To make the sentences more coherent, you can improve the model by

為了使句子更連貫，您可以通過以下方式改進模型：

changing the different parameter values like seq_length?, rnn_units?, embedding_dims?, scaling to find the best settings
更改不同的參數值，例如seq_length ， rnn_units ， embedding_dims ， scaling以找到最佳設置
training it for more epochs
訓練更多的時代
adding more layers of GRU / LSTM
添加更多層的GRU / LSTM

This model can be trained on any other series you like. Do share your own stories in the comments and have fun!
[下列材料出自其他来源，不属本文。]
text \<open>Both segments cross the line at height snd z with the same parameter u = snd z - n.\<close>
lemma unit_rise_segments_same_band:
  fixes p p' q q' n :: real
  assumes "z \<in> closed_segment (p, n) (q, n + 1)" "z \<in> closed_segment (p', n) (q', n + 1)"
  obtains u where "0 \<le> u" "u \<le> 1" "(1 - u) * (p' - p) + u * (q' - q) = 0"
    and "z = ((1 - u) * p + u * q, n + u)"
proof -
  obtain u where u: "0 \<le> u" "u \<le> 1" "z = ((1 - u) * p + u * q, n + u)"
    using closed_segment_unit_rise[OF assms(1)] .
  obtain w where "z = ((1 - w) * p' + w * q', n + w)"
    using closed_segment_unit_rise[OF assms(2)] .
  with u have "(1 - u) * (p' - p) + u * (q' - q) = 0"
    by (auto simp: algebra_simps)
  with u that show ?thesis
    by blast
qed

lemma unit_rise_segments_disjoint:
  fixes p p' q q' n :: real
  assumes "p < p'" "q < q'"
  shows "closed_segment (p, n) (q, n + 1) \<inter> closed_segment (p', n) (q', n + 1) = {}"
proof -
  have False if z: "z \<in> closed_segment (p, n) (q, n + 1)" "z \<in> closed_segment (p', n) (q', n + 1)"
    for z
  proof -
    obtain u where "0 \<le> u" "u \<le> 1" "(1 - u) * (p' - p) + u * (q' - q) = 0"
      and "z = ((1 - u) * p + u * q, n + u)"
      using unit_rise_segments_same_band[OF z] .
    moreover have "(1 - u) * (p' - p) \<ge> 0" "u * (q' - q) \<ge> 0"
      using calculation(1,2) assms by (simp_all add: mult_nonneg_nonneg)
    ultimately have "(1 - u) * (p' - p) = 0" "u * (q' - q) = 0"
      by linarith+
    then show False
      using assms by simp
  qed
  then show ?thesis
    by blast
qed

lemma unit_rise_segments_common_bottom:
  fixes p q q' n :: real
  assumes "q \<noteq> q'"
  shows "closed_segment (p, n) (q, n + 1) \<inter> closed_segment (p, n) (q', n + 1) \<subseteq> {(p, n)}"
proof (intro subsetI, elim IntE)
  fix z assume z: "z \<in> closed_segment (p, n) (q, n + 1)" "z \<in> closed_segment (p, n) (q', n + 1)"
  obtain u where "0 \<le> u" "u \<le> 1" "(1 - u) * (p - p) + u * (q' - q) = 0"
    and "z = ((1 - u) * p + u * q, n + u)"
    using unit_rise_segments_same_band[OF z] .
  with assms show "z \<in> {(p, n)}"
    by simp
qed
可以在您喜歡的任何其他系列上訓練該模型。在評論中分享您自己的故事并玩得開心！

[1] J.K. Rowling, Harry Potter and the Deathly Hallows, 2007

[1] JK羅琳，《哈利·波特與死亡圣器》，2007年

[2] Recurrent Neural Network Tutorial, Part 4 — Implementing a GRU/LSTM RNN with Python and Theano, OCTOBER 27, 2015 BY DENNY BRITZ

[2] 遞歸神經網絡教程，第4部分—使用Python和Theano實現GRU / LSTM RNN ，2015年10月27日，作者： DENNY BRITZ

[3] J.K. Rowling, Harry Potter and the Sorcerer’s Stone, 1998

[3] JK羅琳，《哈利·波特與魔法石》，1998年

[4] Text generation with an RNN, TensorFlow

[4] 使用RNN ，TensorFlow 生成文本

翻譯自: https://medium.com/towards-artificial-intelligence/create-your-own-harry-potter-short-story-using-rnn-and-tensorflow-853b3ed1b8f3

總結

以上是生活随笔為你收集整理的使用RNN和TensorFlow创建自己的Harry Potter短故事的全部內容，希望文章能夠幫你解決所遇到的問題。

如果覺得生活随笔網站內容還不錯，歡迎將生活随笔推薦給好友。